_Work item_
Once the line containing "proof (intro conjI ballI example_allocs_feasible)" is found in the data below, output that line and every line after it through the last, unchanged and with nothing else.

_Input records_
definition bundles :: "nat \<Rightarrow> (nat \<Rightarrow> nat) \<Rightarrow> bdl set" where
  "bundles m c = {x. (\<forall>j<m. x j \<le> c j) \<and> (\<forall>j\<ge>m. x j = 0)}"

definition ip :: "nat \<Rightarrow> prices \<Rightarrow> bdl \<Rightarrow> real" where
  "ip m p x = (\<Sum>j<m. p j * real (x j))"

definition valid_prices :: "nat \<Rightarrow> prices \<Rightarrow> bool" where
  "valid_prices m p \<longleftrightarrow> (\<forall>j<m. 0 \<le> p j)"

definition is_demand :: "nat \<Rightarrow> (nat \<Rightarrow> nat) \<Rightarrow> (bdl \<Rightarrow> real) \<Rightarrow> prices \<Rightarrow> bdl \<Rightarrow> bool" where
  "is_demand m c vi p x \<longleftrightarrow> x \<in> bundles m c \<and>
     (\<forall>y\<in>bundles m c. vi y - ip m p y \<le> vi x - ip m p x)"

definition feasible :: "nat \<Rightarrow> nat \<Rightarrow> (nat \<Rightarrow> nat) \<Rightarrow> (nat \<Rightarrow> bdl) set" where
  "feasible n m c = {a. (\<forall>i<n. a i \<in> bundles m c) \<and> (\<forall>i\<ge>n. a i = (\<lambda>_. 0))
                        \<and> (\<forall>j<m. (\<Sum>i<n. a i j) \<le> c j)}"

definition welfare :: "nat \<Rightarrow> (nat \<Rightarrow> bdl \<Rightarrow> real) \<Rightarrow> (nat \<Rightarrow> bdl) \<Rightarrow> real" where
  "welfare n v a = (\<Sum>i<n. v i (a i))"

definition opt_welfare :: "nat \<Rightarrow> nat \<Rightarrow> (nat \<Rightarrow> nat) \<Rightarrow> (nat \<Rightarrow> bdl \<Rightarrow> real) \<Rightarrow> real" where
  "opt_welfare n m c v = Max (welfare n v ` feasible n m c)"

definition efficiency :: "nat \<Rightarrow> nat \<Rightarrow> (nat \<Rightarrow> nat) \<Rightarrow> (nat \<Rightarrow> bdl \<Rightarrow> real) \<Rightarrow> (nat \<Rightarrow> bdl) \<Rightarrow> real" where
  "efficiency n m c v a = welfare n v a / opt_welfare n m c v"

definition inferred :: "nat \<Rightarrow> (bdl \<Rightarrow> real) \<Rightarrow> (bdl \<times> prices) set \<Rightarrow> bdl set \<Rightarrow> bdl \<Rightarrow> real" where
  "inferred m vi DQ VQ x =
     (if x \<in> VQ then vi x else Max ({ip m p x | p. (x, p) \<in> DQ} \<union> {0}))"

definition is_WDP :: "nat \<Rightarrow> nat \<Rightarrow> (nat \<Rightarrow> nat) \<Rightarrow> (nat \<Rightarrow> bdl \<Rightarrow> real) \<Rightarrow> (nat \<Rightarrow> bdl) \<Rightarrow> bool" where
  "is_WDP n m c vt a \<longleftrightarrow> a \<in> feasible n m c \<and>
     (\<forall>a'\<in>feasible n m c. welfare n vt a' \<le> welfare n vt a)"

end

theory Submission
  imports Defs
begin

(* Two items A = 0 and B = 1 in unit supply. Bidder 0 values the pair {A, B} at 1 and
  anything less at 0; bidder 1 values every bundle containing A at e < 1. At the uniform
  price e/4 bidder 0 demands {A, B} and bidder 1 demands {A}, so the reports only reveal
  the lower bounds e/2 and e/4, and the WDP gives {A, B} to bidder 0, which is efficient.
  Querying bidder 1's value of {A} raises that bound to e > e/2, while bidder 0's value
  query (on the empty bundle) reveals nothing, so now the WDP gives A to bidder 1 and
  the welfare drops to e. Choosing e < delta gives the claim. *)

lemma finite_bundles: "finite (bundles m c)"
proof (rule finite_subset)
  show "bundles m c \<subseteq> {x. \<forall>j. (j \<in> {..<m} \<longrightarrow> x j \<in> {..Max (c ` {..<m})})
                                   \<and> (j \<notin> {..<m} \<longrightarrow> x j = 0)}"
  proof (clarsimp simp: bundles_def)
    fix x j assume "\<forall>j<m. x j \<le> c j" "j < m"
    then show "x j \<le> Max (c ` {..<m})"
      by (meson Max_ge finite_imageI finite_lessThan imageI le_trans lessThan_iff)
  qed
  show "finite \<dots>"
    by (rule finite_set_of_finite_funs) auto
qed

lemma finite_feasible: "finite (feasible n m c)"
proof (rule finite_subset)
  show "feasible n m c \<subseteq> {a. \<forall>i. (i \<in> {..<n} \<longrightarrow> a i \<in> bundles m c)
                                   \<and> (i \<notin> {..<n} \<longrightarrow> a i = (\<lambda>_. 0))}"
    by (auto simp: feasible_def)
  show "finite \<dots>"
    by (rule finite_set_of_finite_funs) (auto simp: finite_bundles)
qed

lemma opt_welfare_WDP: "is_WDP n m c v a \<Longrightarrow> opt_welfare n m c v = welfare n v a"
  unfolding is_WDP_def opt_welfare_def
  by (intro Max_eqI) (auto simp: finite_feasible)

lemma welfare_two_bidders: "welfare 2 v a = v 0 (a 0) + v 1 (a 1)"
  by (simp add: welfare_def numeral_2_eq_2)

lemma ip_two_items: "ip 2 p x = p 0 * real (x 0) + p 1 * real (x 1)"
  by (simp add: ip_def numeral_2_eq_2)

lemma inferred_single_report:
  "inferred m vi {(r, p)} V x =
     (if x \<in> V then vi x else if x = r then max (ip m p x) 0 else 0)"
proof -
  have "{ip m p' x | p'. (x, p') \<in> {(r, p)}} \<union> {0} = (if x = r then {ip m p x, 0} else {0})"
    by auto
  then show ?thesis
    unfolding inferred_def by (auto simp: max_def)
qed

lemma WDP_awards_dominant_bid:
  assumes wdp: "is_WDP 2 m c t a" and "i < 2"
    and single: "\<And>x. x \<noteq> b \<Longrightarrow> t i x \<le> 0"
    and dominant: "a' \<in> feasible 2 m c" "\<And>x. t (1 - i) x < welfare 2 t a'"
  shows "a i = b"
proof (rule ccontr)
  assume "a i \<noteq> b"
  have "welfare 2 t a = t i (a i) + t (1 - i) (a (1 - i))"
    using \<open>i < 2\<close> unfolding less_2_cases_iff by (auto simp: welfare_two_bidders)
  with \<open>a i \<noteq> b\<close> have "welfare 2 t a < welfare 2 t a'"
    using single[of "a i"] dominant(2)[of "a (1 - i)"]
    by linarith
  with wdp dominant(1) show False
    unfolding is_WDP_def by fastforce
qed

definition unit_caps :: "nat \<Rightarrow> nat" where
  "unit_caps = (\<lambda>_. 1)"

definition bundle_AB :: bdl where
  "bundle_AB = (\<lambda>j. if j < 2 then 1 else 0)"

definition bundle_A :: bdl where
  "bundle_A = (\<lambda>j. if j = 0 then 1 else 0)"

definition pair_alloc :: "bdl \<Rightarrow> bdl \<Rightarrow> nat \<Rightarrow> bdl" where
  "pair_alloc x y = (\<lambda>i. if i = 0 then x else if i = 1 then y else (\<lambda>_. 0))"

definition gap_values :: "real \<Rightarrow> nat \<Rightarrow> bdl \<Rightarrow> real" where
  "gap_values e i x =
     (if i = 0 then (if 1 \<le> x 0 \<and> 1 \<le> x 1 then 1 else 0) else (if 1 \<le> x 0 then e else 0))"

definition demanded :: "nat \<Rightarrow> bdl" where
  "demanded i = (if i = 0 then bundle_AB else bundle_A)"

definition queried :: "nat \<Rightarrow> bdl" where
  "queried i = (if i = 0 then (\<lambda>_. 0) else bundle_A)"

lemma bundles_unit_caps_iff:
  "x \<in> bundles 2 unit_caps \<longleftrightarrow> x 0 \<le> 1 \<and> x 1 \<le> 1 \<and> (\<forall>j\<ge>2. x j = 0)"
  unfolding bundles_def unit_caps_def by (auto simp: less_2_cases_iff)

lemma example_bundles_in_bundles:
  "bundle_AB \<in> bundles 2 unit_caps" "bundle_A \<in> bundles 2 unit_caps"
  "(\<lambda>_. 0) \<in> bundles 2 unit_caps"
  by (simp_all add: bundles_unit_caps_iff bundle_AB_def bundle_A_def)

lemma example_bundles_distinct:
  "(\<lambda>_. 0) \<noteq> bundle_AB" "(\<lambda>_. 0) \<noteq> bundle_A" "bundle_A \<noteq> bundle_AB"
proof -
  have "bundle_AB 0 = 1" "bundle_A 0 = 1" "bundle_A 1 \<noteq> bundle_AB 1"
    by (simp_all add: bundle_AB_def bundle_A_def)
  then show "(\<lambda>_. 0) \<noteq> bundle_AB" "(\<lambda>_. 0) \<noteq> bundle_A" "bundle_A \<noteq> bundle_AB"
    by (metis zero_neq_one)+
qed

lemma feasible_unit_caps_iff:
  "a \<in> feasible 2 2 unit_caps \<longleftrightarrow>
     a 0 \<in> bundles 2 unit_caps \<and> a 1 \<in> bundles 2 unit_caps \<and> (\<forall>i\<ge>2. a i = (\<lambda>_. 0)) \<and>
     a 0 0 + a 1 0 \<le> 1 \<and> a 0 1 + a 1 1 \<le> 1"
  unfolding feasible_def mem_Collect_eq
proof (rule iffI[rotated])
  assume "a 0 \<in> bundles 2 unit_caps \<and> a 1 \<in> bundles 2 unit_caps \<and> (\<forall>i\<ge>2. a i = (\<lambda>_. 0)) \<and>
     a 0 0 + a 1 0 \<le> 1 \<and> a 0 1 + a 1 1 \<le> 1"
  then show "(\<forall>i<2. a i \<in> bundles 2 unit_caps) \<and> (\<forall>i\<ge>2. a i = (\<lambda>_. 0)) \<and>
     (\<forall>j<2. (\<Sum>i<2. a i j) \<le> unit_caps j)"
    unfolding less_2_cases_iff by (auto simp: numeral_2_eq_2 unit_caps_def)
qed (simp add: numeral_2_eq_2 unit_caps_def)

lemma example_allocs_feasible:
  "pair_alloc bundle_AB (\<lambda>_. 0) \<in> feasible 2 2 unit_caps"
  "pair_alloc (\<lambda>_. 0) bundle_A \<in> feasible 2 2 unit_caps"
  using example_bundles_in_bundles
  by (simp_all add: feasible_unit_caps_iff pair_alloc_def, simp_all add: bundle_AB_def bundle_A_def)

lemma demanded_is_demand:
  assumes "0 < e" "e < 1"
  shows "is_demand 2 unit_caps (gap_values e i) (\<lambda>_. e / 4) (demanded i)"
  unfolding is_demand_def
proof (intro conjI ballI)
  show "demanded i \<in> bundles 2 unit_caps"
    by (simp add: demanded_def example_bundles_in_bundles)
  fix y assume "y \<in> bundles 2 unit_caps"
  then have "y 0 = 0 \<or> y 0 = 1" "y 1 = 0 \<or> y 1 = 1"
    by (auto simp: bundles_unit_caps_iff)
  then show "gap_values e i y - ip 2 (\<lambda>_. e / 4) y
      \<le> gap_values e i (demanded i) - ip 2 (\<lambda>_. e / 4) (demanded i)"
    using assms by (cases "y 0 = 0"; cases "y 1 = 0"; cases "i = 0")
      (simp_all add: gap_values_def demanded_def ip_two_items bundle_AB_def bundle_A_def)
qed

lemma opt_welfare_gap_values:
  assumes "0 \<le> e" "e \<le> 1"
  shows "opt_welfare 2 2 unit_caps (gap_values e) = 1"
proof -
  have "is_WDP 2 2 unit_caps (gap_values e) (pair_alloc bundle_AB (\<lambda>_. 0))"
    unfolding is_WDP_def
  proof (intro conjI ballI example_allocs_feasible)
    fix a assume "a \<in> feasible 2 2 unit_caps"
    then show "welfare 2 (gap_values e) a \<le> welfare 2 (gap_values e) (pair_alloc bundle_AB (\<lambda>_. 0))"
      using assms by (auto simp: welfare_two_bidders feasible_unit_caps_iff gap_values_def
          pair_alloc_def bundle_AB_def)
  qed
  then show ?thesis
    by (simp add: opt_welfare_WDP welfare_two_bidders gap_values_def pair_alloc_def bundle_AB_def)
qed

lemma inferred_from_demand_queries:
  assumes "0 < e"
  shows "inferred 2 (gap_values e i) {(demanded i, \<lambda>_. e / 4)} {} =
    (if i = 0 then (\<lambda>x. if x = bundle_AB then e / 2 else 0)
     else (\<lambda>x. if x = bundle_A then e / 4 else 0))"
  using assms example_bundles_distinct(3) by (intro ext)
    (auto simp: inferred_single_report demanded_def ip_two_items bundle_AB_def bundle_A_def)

_Reply to the exercise_
  proof (intro conjI ballI example_allocs_feasible)
    fix a assume "a \<in> feasible 2 2 unit_caps"
    then show "welfare 2 (gap_values e) a \<le> welfare 2 (gap_values e) (pair_alloc bundle_AB (\<lambda>_. 0))"
      using assms by (auto simp: welfare_two_bidders feasible_unit_caps_iff gap_values_def
          pair_alloc_def bundle_AB_def)
  qed
  then show ?thesis
    by (simp add: opt_welfare_WDP welfare_two_bidders gap_values_def pair_alloc_def bundle_AB_def)
qed

lemma inferred_from_demand_queries:
  assumes "0 < e"
  shows "inferred 2 (gap_values e i) {(demanded i, \<lambda>_. e / 4)} {} =
    (if i = 0 then (\<lambda>x. if x = bundle_AB then e / 2 else 0)
     else (\<lambda>x. if x = bundle_A then e / 4 else 0))"
  using assms example_bundles_distinct(3) by (intro ext)
    (auto simp: inferred_single_report demanded_def ip_two_items bundle_AB_def bundle_A_def)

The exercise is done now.